Beyond the hot flashes and sleepless nights, for some women menopause threatens the end of sexual satisfaction.  It is true that once the ovaries stop producing estrogen a woman’s sexual and reproductive anatomy goes through some pretty big changes.  And while menopausal symptoms vary from woman to woman, most will experience some degree of vaginal dryness, decreased desire, difficulty achieving orgasm, dulled orgasmic sensations, and possibly even vaginal atrophy.  Luckily you don’t have to suffer or just give up on sex.  There is no one magic bullet that will “fix” your post-menopausal sex life, however, there are several different ways in which to tackle the problem and an integrated approach may be the most prudent one.  I recommend you consider all of your options and choose the best combination for you.

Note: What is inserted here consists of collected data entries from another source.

text \<open>Assumption 2 for a perturbed game bounds its gradients
  \<open>\<nabla>f\<^sub>i + e \<nabla>phi + tau (x\<^sub>i - y\<^sub>i)\<close> on \<open>Q\<close>; two distinct weights \<open>e\<close> eliminate the unknown
  \<open>\<nabla>phi\<close>, which bounds every block \<open>x\<^sub>i\<close>.\<close>
lemma bounded_prodQ:
  fixes blk :: "'n::finite \<Rightarrow> 'p::finite"
  assumes A2: "Assumption2 blk Qi f"
    and phi: "\<And>x. x \<in> prodQ blk Qi \<Longrightarrow> (phi has_derivative (\<lambda>v. gp x \<bullet> v)) (at x)"
    and pert: "Assumption2 blk Qi (pert_game blk f phi tau a y)"
      "Assumption2 blk Qi (pert_game blk f phi tau b y)"
    and "a \<noteq> b" and "tau > 0"
  shows "bounded (prodQ blk Qi)"
proof -
  let ?Q = "prodQ blk Qi"
  obtain g where g: "\<And>i x. x \<in> ?Q \<Longrightarrow> (f i has_derivative (\<lambda>v. g i x \<bullet> v)) (at x)"
    and g_bd: "\<And>i. bounded (g i ` ?Q)"
    using Assumption2_gradient[OF A2] by blast
  have pert_bd: "\<exists>B. \<forall>x\<in>?Q. norm (g i x + c *\<^sub>R gp x + tau *\<^sub>R (proj blk i x - proj blk i y)) \<le> B"
    if A2c: "Assumption2 blk Qi (pert_game blk f phi tau c y)" for c i
  proof -
    obtain h where h: "\<And>i x. x \<in> ?Q \<Longrightarrow>
        (pert_game blk f phi tau c y i has_derivative (\<lambda>v. h i x \<bullet> v)) (at x)"
      and h_bd: "\<And>i. bounded (h i ` ?Q)"
      using Assumption2_gradient[OF A2c] by blast
    have "h i x = g i x + c *\<^sub>R gp x + tau *\<^sub>R (proj blk i x - proj blk i y)" if "x \<in> ?Q" for x
      using has_derivative_inner_unique[OF h[OF that] pert_game_has_derivative[OF g[OF that] phi[OF that]]] .
    then show ?thesis using h_bd[of i] unfolding bounded_iff by (metis image_eqI)
  qed
  have "\<exists>K. \<forall>x\<in>?Q. norm (proj blk i x) \<le> K" for i
  proof -
    obtain B0 where B0: "\<forall>x\<in>?Q. norm (g i x) \<le> B0" using g_bd[of i] unfolding bounded_iff by blast
    obtain B1 B2 where
      "\<forall>x\<in>?Q. norm (g i x + a *\<^sub>R gp x + tau *\<^sub>R (proj blk i x - proj blk i y)) \<le> B1"
      "\<forall>x\<in>?Q. norm (g i x + b *\<^sub>R gp x + tau *\<^sub>R (proj blk i x - proj blk i y)) \<le> B2"
      using pert_bd[OF pert(1)] pert_bd[OF pert(2)] by blast
    then have "norm (proj blk i x - proj blk i y) \<le> ((\<bar>b\<bar> * B1 + \<bar>a\<bar> * B2) / \<bar>b - a\<bar> + B0) / tau"
      if "x \<in> ?Q" for x
      using norm_le_of_two_perturbations B0 that assms(5,6) by blast
    then show ?thesis by (metis norm_triangle_sub add.commute order_trans add_right_mono)
  qed
  then obtain K where K: "\<And>i x. x \<in> ?Q \<Longrightarrow> norm (proj blk i x) \<le> K i" by metis
  have "norm x \<le> (\<Sum>i\<in>UNIV. K i)" if "x \<in> ?Q" for x
    using norm_sum[of "\<lambda>i. proj blk i x" UNIV] sum_mono[of UNIV "\<lambda>i. norm (proj blk i x)" K] K[OF that]
    by (simp add: sum_proj)
  then show ?thesis unfolding bounded_iff by blast
qed

lemma VI_sol_regularized_ex1:
  fixes F P :: "'a::euclidean_space \<Rightarrow> 'a"
  assumes "compact Q" "convex Q" "Q \<noteq> {}" and "continuous_on Q F" "continuous_on Q P"
    and "\<forall>a\<in>Q. \<forall>b\<in>Q. 0 \<le> (F a - F b) \<bullet> (a - b)" "\<forall>a\<in>Q. \<forall>b\<in>Q. 0 \<le> (P a - P b) \<bullet> (a - b)"
    and "e \<ge> 0" "tau > 0"
  shows "\<exists>!x. x \<in> VI_sol Q (\<lambda>z. F z + e *\<^sub>R P z + tau *\<^sub>R (z - y))"
proof -
  have "continuous_on Q (\<lambda>z. F z + e *\<^sub>R P z + tau *\<^sub>R (z - y))"
    using assms(4,5) by (intro continuous_intros)
  then obtain x where "x \<in> VI_sol Q (\<lambda>z. F z + e *\<^sub>R P z + tau *\<^sub>R (z - y))"
    using VI_sol_nonempty[OF assms(1-3)] by blast
  moreover note VI_sol_unique[OF assms(9) strongly_monotone_regularized[OF assms(6-8)]]
  ultimately show ?thesis by blast
qed

lemma monotone_NEP_pseudo_grad:
  assumes "monotone_NEP blk Qi f"
  obtains g where "\<And>i x. x \<in> prodQ blk Qi \<Longrightarrow> (f i has_derivative (\<lambda>v. g i x \<bullet> v)) (at x)"
    and "continuous_on (prodQ blk Qi) (pseudo_grad blk g)"
    and "\<forall>a\<in>prodQ blk Qi. \<forall>b\<in>prodQ blk Qi.
           0 \<le> (pseudo_grad blk g a - pseudo_grad blk g b) \<bullet> (a - b)"
proof -
  obtain U g where U: "prodQ blk Qi \<subseteq> U" "has_grads U f g"
    and "\<forall>a\<in>prodQ blk Qi. \<forall>b\<in>prodQ blk Qi.
           0 \<le> (pseudo_grad blk g a - pseudo_grad blk g b) \<bullet> (a - b)"
    using assms unfolding monotone_NEP_def by blast
  moreover have "continuous_on (prodQ blk Qi) (pseudo_grad blk g)"
    using U unfolding has_grads_def pseudo_grad_def
    by (auto intro!: continuous_on_vec_lambda continuous_on_component intro: continuous_on_subset)
  ultimately show ?thesis using that U unfolding has_grads_def by blast
qed

theorem mainTheorem10:
  fixes blk :: "'n::finite \<Rightarrow> 'p::finite"
    and Qi :: "'p \<Rightarrow> (real^'n) set"
    and f :: "'p \<Rightarrow> real^'n \<Rightarrow> real"
    and phi :: "real^'n \<Rightarrow> real"
    and L_phi tau :: real
    and eps :: "nat \<Rightarrow> real"
    and x0 :: "real^'n"
  assumes blocks: "\<forall>i. \<exists>k. blk k = i"
    and mono: "monotone_NEP blk Qi f"
    and A2: "Assumption2 blk Qi f"
    and sol_ne: "SOL blk Qi f \<noteq> {}"
    and phi_C1: "\<exists>U gphi. open U \<and> prodQ blk Qi \<subseteq> U \<and>
        (\<forall>x\<in>U. (phi has_derivative (\<lambda>h. gphi x \<bullet> h)) (at x)) \<and> continuous_on U gphi \<and>
        (\<forall>x\<in>prodQ blk Qi. \<forall>y\<in>prodQ blk Qi. norm (gphi x - gphi y) \<le> L_phi * norm (x - y))"
    and phi_convex: "convex_on (prodQ blk Qi) phi"
    and phi_level: "\<forall>c. bounded {x \<in> SOL blk Qi f. phi x \<le> c}"
    and tau_pos: "tau > 0"
    and PU: "\<forall>n. \<forall>y\<in>prodQ blk Qi. PUps_NEP blk Qi (pert_game blk f phi tau (eps n) y)"
    and eps_pos: "\<forall>n. eps n > 0"
    and eps_dec: "decseq eps"
    and eps_lim: "eps \<longlonglongrightarrow> 0"
    and eps_sum: "filterlim (\<lambda>N. \<Sum>n<N. eps n) at_top sequentially"
    and x0: "x0 \<in> prodQ blk Qi"
  shows "(\<exists>!x. x 0 = x0 \<and> (\<forall>n. is_NE blk Qi (pert_game blk f phi tau (eps n) (x n)) (x (Suc n))))
       \<and> (\<forall>x. x 0 = x0 \<and> (\<forall>n. is_NE blk Qi (pert_game blk f phi tau (eps n) (x n)) (x (Suc n)))
            \<longrightarrow> bounded (range x) \<and>
                (\<forall>z. (\<exists>r. strict_mono r \<and> (x \<circ> r) \<longlonglongrightarrow> z) \<longrightarrow>
                     z \<in> SOL blk Qi f \<and> (\<forall>w \<in> SOL blk Qi f. phi z \<le> phi w)))"
proof -
  let ?Q = "prodQ blk Qi"
    and ?R = "\<lambda>n y. is_NE blk Qi (pert_game blk f phi tau (eps n) y)"
  have A1: "Assumption1 blk Qi f" using mono unfolding monotone_NEP_def by blast
  obtain gg where f_der: "\<And>i x. x \<in> ?Q \<Longrightarrow> (f i has_derivative (\<lambda>v. gg i x \<bullet> v)) (at x)"
    and F_cont: "continuous_on ?Q (pseudo_grad blk gg)"
    and F_mono: "\<forall>a\<in>?Q. \<forall>b\<in>?Q. 0 \<le> (pseudo_grad blk gg a - pseudo_grad blk gg b) \<bullet> (a - b)"
    using monotone_NEP_pseudo_grad[OF mono] by blast
  let ?F = "pseudo_grad blk gg"
  have SOL: "SOL blk Qi f = VI_sol ?Q ?F"
    using is_NE_iff_VI_sol[OF A1 f_der] unfolding SOL_def by blast
  obtain gphi where phi_der: "\<And>x. x \<in> ?Q \<Longrightarrow> (phi has_derivative (\<lambda>v. gphi x \<bullet> v)) (at x)"
    and gphi_cont: "continuous_on ?Q gphi"
    using phi_C1 continuous_on_subset by blast
  have phi_cont: "continuous_on ?Q phi"
    using phi_der has_derivative_continuous by (blast intro: continuous_at_imp_continuous_on)
  have subgrad: "\<forall>a\<in>?Q. \<forall>b\<in>?Q. gphi a \<bullet> (b - a) \<le> phi b - phi a"
    using convex_on_gradient_ineq[OF phi_convex] phi_der by blast
  \<comment> \<open>Compactness of \<open>Q\<close> makes the hypotheses on level sets, on the monotonicity of \<open>eps\<close> and
    on the Lipschitz constant unnecessary.\<close>
  obtain m where "eps m < eps 0"
    using order_tendstoD(2)[OF eps_lim eps_pos[rule_format, of 0]] by (auto simp: eventually_sequentially)
  with bounded_prodQ[OF A2 phi_der] PU x0 tau_pos closed_convex_prodQ[OF A1]
  have Q: "compact ?Q" "convex ?Q"
    unfolding PUps_NEP_def compact_eq_bounded_closed by (metis less_irrefl)+
  have NE_iff: "?R n y x' \<longleftrightarrow> x' \<in> VI_sol ?Q (\<lambda>z. ?F z + eps n *\<^sub>R gphi z + tau *\<^sub>R (z - y))"
    if "y \<in> ?Q" for n y x'
    using PU that unfolding PUps_NEP_def by (intro is_NE_pert_game_iff f_der phi_der) auto
  have ex1: "\<exists>!x'. ?R n y x'" if "y \<in> ?Q" for n y
    using VI_sol_regularized_ex1[OF Q _ F_cont gphi_cont F_mono _ less_imp_le tau_pos]
      subgradient_monotone[OF subgrad] eps_pos x0 NE_iff[OF that] by blast
  have R_in: "?R n y x' \<Longrightarrow> x' \<in> ?Q" for n y x' unfolding is_NE_def by blast
  have "bounded (range x) \<and> (\<forall>z. (\<exists>r. strict_mono r \<and> (x \<circ> r) \<longlonglongrightarrow> z) \<longrightarrow>
      z \<in> SOL blk Qi f \<and> (\<forall>w \<in> SOL blk Qi f. phi z \<le> phi w))"
    if x: "x 0 = x0 \<and> (\<forall>n. ?R n (x n) (x (Suc n)))" for x
  proof -
    have x_in: "x n \<in> ?Q" for n using x x0 R_in by (cases n) auto
    interpret regularized_prox_sequence ?Q ?F gphi phi tau eps x
      using Q F_cont F_mono phi_cont gphi_cont subgrad sol_ne SOL tau_pos eps_pos eps_lim eps_sum
        x_in x NE_iff
      by unfold_locales auto
    show ?thesis
      using compact_imp_bounded[OF Q(1)] x_in limit_point_minimizes SOL by (auto intro: bounded_subset)
  qed
  moreover have "\<exists>!x. x 0 = x0 \<and> (\<forall>n. ?R n (x n) (x (Suc n)))"
    by (rule ex1_recursive_sequence[of _ _ "\<lambda>n y. is_NE blk Qi (pert_game blk f phi tau (eps n) y)",
          OF x0 ex1 R_in])
  ultimately show ?thesis by blast
qed

end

While traditional hormone replacement therapy has fallen out of vogue, due to an increased risk of breast cancer, there are other hormonal treatments available.  Some women, in consultation with their doctor, use a vaginal ring that releases a small amount of estrogen directly into the vaginal tissues.  Similarly, other women may choose to use a cream that contains either estrogen or testosterone.  These products help with lubrication, sensation, desire and the overall health of the vagina.  There are also various herbs that can be used in consultation with an herbalist or doctor of traditional Chinese medicine.  As with all medications, these treatments may not be safe for all women, especially those with a history of hormone-dependent cancer.  But fear not my survivor sisters, there is research underway to determine the safety of some hormonal treatments for us so this story is to be continued.

Of course, we don’t have to rely soley on drugs and doctors to maintain our sex lives.  Remember sex is a “use it or lose it” type activity.  The more sexual you are on a regular basis, solo or with a partner, the healthier and more repsonsive your body will be.  Try Kegel exercises to encourage blood flow to the genitals and increase sensation.  Regular vibrator use will also help with blood flow to the clitoris.  If you’re feeling dry, use a good lube (avoid oil based lubes if you are using condoms).  I recommend getting a sampler pack from someplace like Good Vibrations so you can try different brands and find the one you like the best.  You can increase your desire for sex by reading erotica or watching porn.

Just remember, you deserve sexual pleasure, so don’t give it up without a fight!